Assembly Bill 5 (AB5) is sweeping and vague but basically it redefines the relationship between employers and employees, effectively ending independent contract work and killing the “gig economy.”
For those of you outside of California, the phrase “effectively ending independent contract work” should be given its broadest possible interpretation. The bill’s author admitted as much in a Twitter exchange Saturday:
— Kira (@RealKiraDavis) January 18, 2020
She was asked:
Can a caterer hire servers, hosts, hostesses, bartenders, etc., on an event-by-event basis without them being incorporated, sole proprietors, or LLC’s and treat the temporary staff like IC’s?

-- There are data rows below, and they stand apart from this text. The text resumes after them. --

lemma dkn_lt_1_imp_eq:
  assumes k: "k > 0" and x: "x \<in> Zkn k n" and y: "y \<in> Zkn k n" and d: "dkn k x y < 1"
  shows "x = y"
proof (rule nth_equalityI)
  have l: "length x = n" "length y = n" "set x \<subseteq> {0..<k}" "set y \<subseteq> {0..<k}"
    using x y unfolding Zkn_def by auto
  then show "length x = length y" by simp
  fix j assume j: "j < length x"
  have "dk k (x ! j) (y ! j) = 0"
    using dkn_coord[OF k j, of y] dk_nonneg[OF k, of "x ! j" "y ! j"] d by simp
  moreover have "x ! j \<in> {0..<k}" "y ! j \<in> {0..<k}" using l j nth_mem by (metis subsetD)+
  ultimately show "x ! j = y ! j" using dk_eq_0_imp_eq[OF k] by auto
qed

section \<open>Scale components\<close>

lemma diam_le:
  assumes "x \<in> A" "\<And>y w. y \<in> A \<Longrightarrow> w \<in> A \<Longrightarrow> d y w \<le> B"
  shows "diam_d d A \<le> B"
  unfolding diam_d_def using assms by (intro cSup_least) auto

text \<open>The basic tool: a function that cannot change along steps shorter than s is constant
  on s-components, so components have diameter at most the diameter bound B of its fibres.\<close>
lemma scale_component_diam_le:
  assumes short_step: "\<And>x y. x \<in> U \<Longrightarrow> y \<in> U \<Longrightarrow> d x y < s \<Longrightarrow> f x = f y"
    and fibre: "\<And>x y. x \<in> U \<Longrightarrow> y \<in> U \<Longrightarrow> f x = f y \<Longrightarrow> d x y \<le> B"
    and A: "A \<in> scale_components d s U"
  shows "diam_d d A \<le> B"
proof -
  obtain x where x: "x \<in> U" and A_eq: "A = scale_rel d s U `` {x}"
    using A unfolding scale_components_def by auto
  have chain: "y \<in> U \<and> f y = f x" if "(x, y) \<in> scale_rel d s U" for y
    using that unfolding scale_rel_def
  proof (induction rule: rtrancl_induct)
    case (step y w)
    then have "y \<in> U" "w \<in> U" "d y w < s" by auto
    then show ?case using step.IH short_step by metis
  qed (use x in simp)
  then have in_fibre: "y \<in> U \<and> f y = f x" if "y \<in> A" for y using that A_eq by simp
  have "x \<in> A" unfolding A_eq scale_rel_def by simp
  then show ?thesis by (rule diam_le) (use in_fibre fibre in metis)
qed

definition bounded_cover :: "int \<Rightarrow> nat \<Rightarrow> real \<Rightarrow> real \<Rightarrow> (nat \<Rightarrow> int list set) \<Rightarrow> bool" where
  "bounded_cover k n s B U \<longleftrightarrow>
     (\<forall>i\<le>n. U i \<subseteq> Zkn k n) \<and> (\<Union>i\<le>n. U i) = Zkn k n \<and>
     (\<forall>i\<le>n. \<forall>A \<in> scale_components (\<lambda>x y. real_of_int (dkn k x y)) s (U i).
        diam_d (\<lambda>x y. real_of_int (dkn k x y)) A \<le> B)"

lemma bounded_cover_mono: "bounded_cover k n s B U \<Longrightarrow> B \<le> B' \<Longrightarrow> bounded_cover k n s B' U"
  unfolding bounded_cover_def by force

lemma bounded_cover_single:
  assumes "\<And>A. A \<in> scale_components (\<lambda>x y. real_of_int (dkn k x y)) s (Zkn k n) \<Longrightarrow>
             diam_d (\<lambda>x y. real_of_int (dkn k x y)) A \<le> B"
  shows "bounded_cover k n s B (\<lambda>_. Zkn k n)"
  using assms unfolding bounded_cover_def by auto

lemma bounded_cover_small_scale:
  assumes k: "k > 0" and s: "s \<le> 1"
  shows "bounded_cover k n s 0 (\<lambda>_. Zkn k n)"
proof (rule bounded_cover_single, rule scale_component_diam_le[where f = id])
  fix x y assume "x \<in> Zkn k n" "y \<in> Zkn k n" "real_of_int (dkn k x y) < s"
  then show "id x = id y" using dkn_lt_1_imp_eq[OF k] s by simp
next
  fix x y :: "int list" assume "id x = id y"
  then show "real_of_int (dkn k x y) \<le> 0" using dkn_self[OF k] by simp
qed

text \<open>Every pair of points of Z_k^n is at distance at most n*k.\<close>
lemma bounded_cover_whole_group:
  assumes k: "k > 0"
  shows "bounded_cover k n s (real_of_int (int n * k)) (\<lambda>_. Zkn k n)"
proof (rule bounded_cover_single, rule scale_component_diam_le[where f = "\<lambda>_. ()"])
  fix x y assume "x \<in> Zkn k n"
  then have "dkn k x y \<le> int n * k"
    using dkn_bound[of x k y k] dk_le_k[OF k] unfolding Zkn_def by simp
  then show "real_of_int (dkn k x y) \<le> real_of_int (int n * k)" by linarith
qed auto

section \<open>Cells and points far from the walls\<close>

text \<open>The cell [jL, (j+1)L) containing p; the last of the k div L cells absorbs the remainder.\<close>
definition cell :: "int \<Rightarrow> int \<Rightarrow> int \<Rightarrow> int" where
  "cell k L p = min (p div L) (k div L - 1)"

definition far_from_walls :: "int \<Rightarrow> int \<Rightarrow> int \<Rightarrow> int \<Rightarrow> bool" where
  "far_from_walls k r L p \<longleftrightarrow> (\<forall>j. 0 \<le> j \<and> j < k div L \<longrightarrow> r < dk k p (j * L))"

definition rot_coord :: "int \<Rightarrow> int \<Rightarrow> nat \<Rightarrow> int \<Rightarrow> int" where
  "rot_coord k m i t = (t - int i * m) mod k"

lemma cell_mono: "0 < L \<Longrightarrow> p \<le> p' \<Longrightarrow> cell k L p \<le> cell k L p'"
  unfolding cell_def using zdiv_mono1[of p p' L] by (simp add: min_def)

lemma div_mult_bounds:
  fixes p L :: int assumes "L > 0"
  shows "(p div L) * L \<le> p" "p < (p div L + 1) * L"
proof -
  show "(p div L) * L \<le> p" using assms by (simp add: mult.commute minus_mod_eq_mult_div[symmetric])
  show "p < (p div L + 1) * L" using assms
    by (metis add.commute mult.commute pos_mod_bound div_mult_mod_eq distrib_left mult_1_right
        add_less_cancel_left)
qed

text \<open>Moving a point far from the walls forward by at most r, without wrapping, stays in its cell:
  otherwise the wall of the new cell lies between the two points.\<close>
lemma cell_same_forward:
  assumes k: "k > 0" and L: "L > 0" "L \<le> k" and p: "0 \<le> p" "p \<le> p'" "p' < k"
    and d: "p' - p \<le> r" and g: "far_from_walls k r L p"
  shows "cell k L p = cell k L p'"
proof (rule ccontr)
  assume ne: "cell k L p \<noteq> cell k L p'"
  have lt: "cell k L p < cell k L p'" using cell_mono[OF L(1) p(2), of k] ne by simp
  define j where "j = cell k L p'"
  have j1: "j \<le> k div L - 1" and j2: "j \<le> p' div L" unfolding j_def cell_def by simp_all
  have cp: "cell k L p = p div L" using lt j1 unfolding j_def cell_def by (simp add: min_def split: if_splits)
  have "0 \<le> p div L" using p L by (simp add: pos_imp_zdiv_nonneg_iff)
  then have j0: "0 \<le> j" using lt cp unfolding j_def by simp
  have "p < (p div L + 1) * L" by (rule div_mult_bounds[OF L(1)])
  also have "\<dots> \<le> j * L" using lt cp L(1) unfolding j_def by (intro mult_right_mono) auto
  finally have a1: "p < j * L" .
  have "j * L \<le> (p' div L) * L" using j2 L(1) by (intro mult_right_mono) auto
  also have "\<dots> \<le> p'" by (rule div_mult_bounds[OF L(1)])
  finally have a2: "j * L \<le> p'" .
  have "dk k p (j * L) \<le> \<bar>p - j * L - 0 * k\<bar>" by (rule dk_le[OF k])
  then have "dk k p (j * L) \<le> r" using a1 a2 d by simp
  moreover have "r < dk k p (j * L)" using g j0 j1 unfolding far_from_walls_def by auto
  ultimately show False by simp
qed

text \<open>Two points far from the walls and within circular distance r lie in the same cell.  Wrapping around
  is impossible since 0 is itself a wall.\<close>
lemma cell_same:
  assumes k: "k > 0" and L: "L > 0" "L \<le> k" and p: "0 \<le> p" "p < k" "0 \<le> p'" "p' < k"
    and d: "dk k p p' \<le> r" and g: "far_from_walls k r L p" "far_from_walls k r L p'"
  shows "cell k L p = cell k L p'"
proof -
  obtain z where z: "\<bar>p - p' - z * k\<bar> \<le> r" using dk_ex[OF k, of p p'] d by auto
  have Q: "0 < k div L" using L zdiv_mono1[of L k L] by simp
  have far0: "r < q" if "far_from_walls k r L q" "0 \<le> q" for q
  proof -
    have "r < dk k q (0 * L)" using that(1) Q unfolding far_from_walls_def by blast
    moreover have "dk k q (0 * L) \<le> \<bar>q - 0 * L - 0 * k\<bar>" by (rule dk_le[OF k])
    ultimately show ?thesis using that(2) by simp
  qed
  consider "z = 0" | "z \<ge> 1" | "z \<le> -1" by linarith
  then show ?thesis
  proof cases
    case 1
    show ?thesis
    proof (cases "p \<le> p'")
      case True
      then show ?thesis using cell_same_forward[OF k L p(1) True p(4) _ g(1)] z 1 by simp
    next
      case False
      then show ?thesis using cell_same_forward[OF k L p(3) _ p(2) _ g(2)] z 1 by simp
    qed
  next
    case 2
    then have "z * k \<ge> k" using k mult_right_mono[of 1 z k] by simp
    then show ?thesis using z p far0[OF g(2) p(3)] by linarith
  next
    case 3
    then have "z * k \<le> -k" using k mult_right_mono[of z "-1" k] by simp
    then show ?thesis using z p far0[OF g(1) p(1)] by linarith
  qed
qed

(If you’ve been following this issue and are baffled by Gonzalez’s continued public misunderstanding of what a sole proprietor is, don’t be. She’s just that dumb.)
Asm. Gonzalez’s response:
No. Neither can temp agencies.
So temp agencies will now be fighting for their lives, too. Is it becoming clear just how invasive and devastating the California bill is? The national version is the “…and there’s more!” version.
Why would Dems (and two Republicans*) want to do this? A January 9, 2020 letter signed by 76 House members, urging Nancy Pelosi to bring the bill to the floor, blatantly states that it’s to boost union membership.
“The PRO Act is bold, comprehensive legislation to strengthen unions and the American workforce…
“Special interest-funded attacks on labor laws have slashed union membership from 33 percent of the national workforce in 1956 to 10 percent in 2018.”
And now, after the landmark Janus ruling, the decline in union membership is accelerating.
In their letter, legislators list the following “benefits” (emphasis added):
- Protect union elections from employer interference
- Require employers to negotiate with newly elected unions
- Ensure employees can’t be misclassified as supervisors or independent contractors
- Invalidate state “right-to-work-for-less” laws
- Stiffen penalties for violations of workers’ rights
They want to do away with the right to work, call it the “right to organize,” and they’re not even trying to hide it.
The U.S. Chamber of Commerce is on record as being against the bill, which is a bonus since the California Chamber of Commerce tucked tail on AB5. This could be because HR 2474 goes so much further in doing away with right-to-work laws and laws preventing abusive, bullying union tactics than AB5 did.
Back in May 2019 the US Chamber wrote a letter to Congress outlining the bill’s terrifying consequences:
H.R. 2474 would repeal the section of the Taft-Hartley Act allowing [right-to-work] laws, invalidating all states’ right-to-work laws currently in place.
This bill would also effectively repeal the Taft-Hartley Act, labor law reforms enacted in 1947 to rein in some of the most abusive union organizing tactics of that era. H.R. 2474 would once again allow unions to engage in secondary boycotts and picketing, meaning that they could target any employer doing business with a targeted company even if those employers have no connection with the union. This would allow for the disruption of entire segments of the economy.
Moreover, under this legislation a secret ballot election where the employees chose not to be represented by a union could be overturned if enough employees signed cards saying they supported that union.
Despite the Chamber pointing out the negative consequences of the bill, 218 House members co-sponsored it. Republicans co-sponsoring are Christopher Smith of New Jersey and Brian Fitzpatrick of Pennsylvania.
Californians never thought AB5 would be passed and implemented, yet here we are. Don’t allow the same thing to happen on a national level. Raise hell with your representative today.